Dental students choosing licensure path give more consideration to career flexibility rather than ethical dilemmas.

Heather J. Conrad, Eric A. Mills

Research output: Contribution to journalArticlepeer-review

Abstract

Although a patient-based clinical licensure examination (CLE) has been used in the United States for many decades to evaluate an individual's competency to practice dentistry, there continue to be validity, reliability, and ethical issues of concern to the profession. As a result of a 2009 decision by the Minnesota Board of Dentistry, dental students from the University of Minnesota School of Dentistry, beginning with the Class of 2010, are eligible for initial licensure in Minnesota by passing the nonpatient-based National Dental Examining Board of Canada Examination. Surveys were distributed to 101 senior dental students to assess what factors students used to decide whether or not to register for a patient-based CLE. The response rate to the survey was 84.2% (85/101).
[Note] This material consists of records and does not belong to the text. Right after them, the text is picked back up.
lemma has_absolute_integral_root_branch_pullback:
  fixes F :: "complex \<Rightarrow> complex"
  assumes d: "d > 0"
  shows "(\<lambda>u. (cmod (exp u))\<^sup>2 *\<^sub>R F (exp u)) absolutely_integrable_on root_strip d k \<and>
           integral (root_strip d k) (\<lambda>u. (cmod (exp u))\<^sup>2 *\<^sub>R F (exp u)) = b
     \<longleftrightarrow> root_branch_pullback d k F absolutely_integrable_on (- {0}) \<and>
         integral (- {0}) (root_branch_pullback d k F) = b"
proof -
  let ?G = "\<lambda>u. exp (of_nat d * u)" and ?G' = "\<lambda>u. of_nat d * exp (of_nat d * u)"
  let ?H = "\<lambda>u. (cmod (exp u))\<^sup>2 *\<^sub>R F (exp u)"
  have "(cmod (?G' u))\<^sup>2 *\<^sub>R root_branch_pullback d k F (?G u) = ?H u" if "u \<in> root_strip d k" for u
    unfolding root_branch_pullback_def root_branch_exp_mult[OF d that]
    using d by (simp add: norm_mult field_simps flip: exp_of_nat_mult)
  then have "?H absolutely_integrable_on root_strip d k \<and> integral (root_strip d k) ?H = b
      \<longleftrightarrow> (\<lambda>u. (cmod (?G' u))\<^sup>2 *\<^sub>R root_branch_pullback d k F (?G u)) absolutely_integrable_on root_strip d k
        \<and> integral (root_strip d k) (\<lambda>u. (cmod (?G' u))\<^sup>2 *\<^sub>R root_branch_pullback d k F (?G u)) = b"
    by (intro conj_cong set_integrable_cong integral_cong arg_cong[where f="\<lambda>x. x = b"]) auto
  also have "\<dots> \<longleftrightarrow> root_branch_pullback d k F absolutely_integrable_on (- {0}) \<and>
         integral (- {0}) (root_branch_pullback d k F) = b"
  proof -
    have "root_strip d k \<in> sets lebesgue" by (simp add: root_strip_def)
    moreover have "(?G has_field_derivative ?G' u) (at u within root_strip d k)" for u
      by (auto intro!: derivative_eq_intros)
    ultimately show ?thesis
      using has_absolute_integral_change_of_variables_complex[of "root_strip d k" ?G ?G']
        bij_betw_exp_mult_root_strip[OF d, of k]
      by (simp add: bij_betw_def)
  qed
  finally show ?thesis .
qed

lemma absolutely_integrable_on_strip_iff_root_strips:
  fixes f :: "complex \<Rightarrow> 'b::euclidean_space"
  assumes "d > 0"
  shows "f absolutely_integrable_on strip 0 (2 * pi) \<longleftrightarrow> (\<forall>k<d. f absolutely_integrable_on root_strip d k)"
proof
  assume "f absolutely_integrable_on strip 0 (2 * pi)"
  moreover have "root_strip d k \<subseteq> strip 0 (2 * pi)" if "k < d" for k
    using that UN_root_strip[OF assms] by blast
  ultimately show "\<forall>k<d. f absolutely_integrable_on root_strip d k"
    by (metis set_integrable_subset root_strip_def strip_sets_lebesgue)
next
  assume "\<forall>k<d. f absolutely_integrable_on root_strip d k"
  then have "f absolutely_integrable_on (\<Union>k<d. root_strip d k)"
    by (intro set_integrable_UN) (auto simp: root_strip_def)
  then show "f absolutely_integrable_on strip 0 (2 * pi)"
    by (simp add: UN_root_strip[OF assms])
qed

lemma integral_strip_sum_root_strips:
  fixes f :: "complex \<Rightarrow> 'b::euclidean_space"
  assumes "d > 0" "f absolutely_integrable_on strip 0 (2 * pi)"
  shows "integral (strip 0 (2 * pi)) f = (\<Sum>k<d. integral (root_strip d k) f)"
proof -
  have "(f has_integral (\<Sum>k<d. integral (root_strip d k) f)) (\<Union>k<d. root_strip d k)"
  proof (rule has_integral_UN)
    show "(f has_integral integral (root_strip d k) f) (root_strip d k)" if "k \<in> {..<d}" for k
      using assms that absolutely_integrable_on_strip_iff_root_strips
      by (blast intro: integrable_integral set_lebesgue_integral_eq_integral(1))
  qed (auto simp: pairwise_def root_strip_disjoint)
  then show ?thesis
    by (simp add: UN_root_strip[OF assms(1)] integral_unique)
qed

theorem integrable_iff_root_branch_pullbacks:
  fixes F :: "complex \<Rightarrow> complex"
  assumes "d > 0"
  shows "integrable lebesgue F \<longleftrightarrow> (\<forall>k<d. integrable lebesgue (root_branch_pullback d k F))"
proof -
  let ?H = "\<lambda>u. (cmod (exp u))\<^sup>2 *\<^sub>R F (exp u)"
  have "integrable lebesgue F \<longleftrightarrow> ?H absolutely_integrable_on strip 0 (2 * pi)"
    using has_absolute_integral_exp_strip[of F] absolutely_integrable_on_Compl_singleton_iff
    by (blast intro: absolutely_integrable_UNIV_iff_integrable[THEN iffD2]
        dest: absolutely_integrable_UNIV_iff_integrable[THEN iffD1])
  also have "\<dots> \<longleftrightarrow> (\<forall>k<d. ?H absolutely_integrable_on root_strip d k)"
    by (rule absolutely_integrable_on_strip_iff_root_strips[OF assms])
  also have "\<dots> \<longleftrightarrow> (\<forall>k<d. integrable lebesgue (root_branch_pullback d k F))"
    using has_absolute_integral_root_branch_pullback[OF assms, of _ F]
      absolutely_integrable_on_Compl_singleton_iff absolutely_integrable_UNIV_iff_integrable
    by blast
  finally show ?thesis .
qed

theorem integral_eq_sum_root_branch_pullbacks:
  fixes F :: "complex \<Rightarrow> complex"
  assumes d: "d > 0" and F: "integrable lebesgue F"
  shows "integral\<^sup>L lebesgue F = (\<Sum>k<d. integral\<^sup>L lebesgue (root_branch_pullback d k F))"
proof -
  let ?H = "\<lambda>u. (cmod (exp u))\<^sup>2 *\<^sub>R F (exp u)"
  have "F absolutely_integrable_on (- {0})"
    using F absolutely_integrable_on_Compl_singleton_iff absolutely_integrable_UNIV_iff_integrable
    by blast
  then have H: "?H absolutely_integrable_on strip 0 (2 * pi)"
    and "integral UNIV F = integral (strip 0 (2 * pi)) ?H"
    using has_absolute_integral_exp_strip[of F "integral (- {0}) F"]
    by (simp_all add: integral_Compl_singleton)
  then have "integral\<^sup>L lebesgue F = integral (strip 0 (2 * pi)) ?H"
    using F by (simp add: integral_lebesgue)
  also have "\<dots> = (\<Sum>k<d. integral (root_strip d k) ?H)"
    by (rule integral_strip_sum_root_strips[OF d H])
  also have "\<dots> = (\<Sum>k<d. integral\<^sup>L lebesgue (root_branch_pullback d k F))"
  proof (rule sum.cong)
    fix k assume "k \<in> {..<d}"
    then have "?H absolutely_integrable_on root_strip d k"
      using H absolutely_integrable_on_strip_iff_root_strips[OF d] by blast
    then have "root_branch_pullback d k F absolutely_integrable_on UNIV"
      and "integral (root_strip d k) ?H = integral UNIV (root_branch_pullback d k F)"
      using has_absolute_integral_root_branch_pullback[OF d, of k F "integral (root_strip d k) ?H"]
      by (simp_all add: integral_Compl_singleton absolutely_integrable_on_Compl_singleton_iff)
    then show "integral (root_strip d k) ?H = integral\<^sup>L lebesgue (root_branch_pullback d k F)"
      by (simp add: integral_lebesgue absolutely_integrable_UNIV_iff_integrable)
  qed simp
  finally show ?thesis .
qed

section \<open>The pulled-back Cauchy kernel summed over the roots\<close>

lemma sum_roots_unity_power:
  assumes "d > 0"
  shows "(\<Sum>k<d. exp (2 * of_real pi * \<i> * of_nat k / of_nat d) ^ m) = (if d dvd m then of_nat d else 0)"
proof -
  define q where "q = exp (2 * of_real pi * \<i> * of_nat m / of_nat d)"
  have "exp (2 * of_real pi * \<i> * of_nat k / of_nat d) ^ m = q ^ k" for k
    by (simp add: q_def mult_ac flip: exp_of_nat_mult)
  moreover have "q = 1 \<longleftrightarrow> d dvd m"
    using assms complex_root_unity_eq_1[of d m] by (simp add: q_def)
  moreover have "q ^ d = 1"
    using assms complex_root_unity[of d m] by (simp add: q_def)
  ultimately show ?thesis
    by (simp add: sum_gp_strict)
qed

lemma dvd_Suc_diff_iff:
  fixes d p :: nat
  assumes "d \<ge> 2" "p < d"
  shows "d dvd (d + 1 - p) \<longleftrightarrow> p = 1"
proof
  assume dvd: "d dvd (d + 1 - p)"
  show "p = 1"
  proof (rule ccontr)
    assume "p \<noteq> 1"
    then consider "p = 0" | "p \<ge> 2" by linarith
    then show False
    proof cases
      case 1
      then have "d dvd 1"
        using dvd dvd_add_right_iff[of d d 1] by simp
      then show False
        using assms(1) by simp
    next
      case 2
      then have "0 < d + 1 - p" "d + 1 - p < d"
        using assms by auto
      then show False
        using dvd by (meson nat_dvd_not_less)
    qed
  qed
qed simp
The opportunity to apply for a license in multiple states after passing a patient-based CLE was the primary factor in influencing the students to register for a patient-based CLE. Regarding the use of live patients in a CLE, students were most concerned with having to operatively restore teeth that could be treated more conservatively and for other reasons outside of their control, such as the patient failing to show up, patient not being accepted by the examiners, and procedural issues during the examination.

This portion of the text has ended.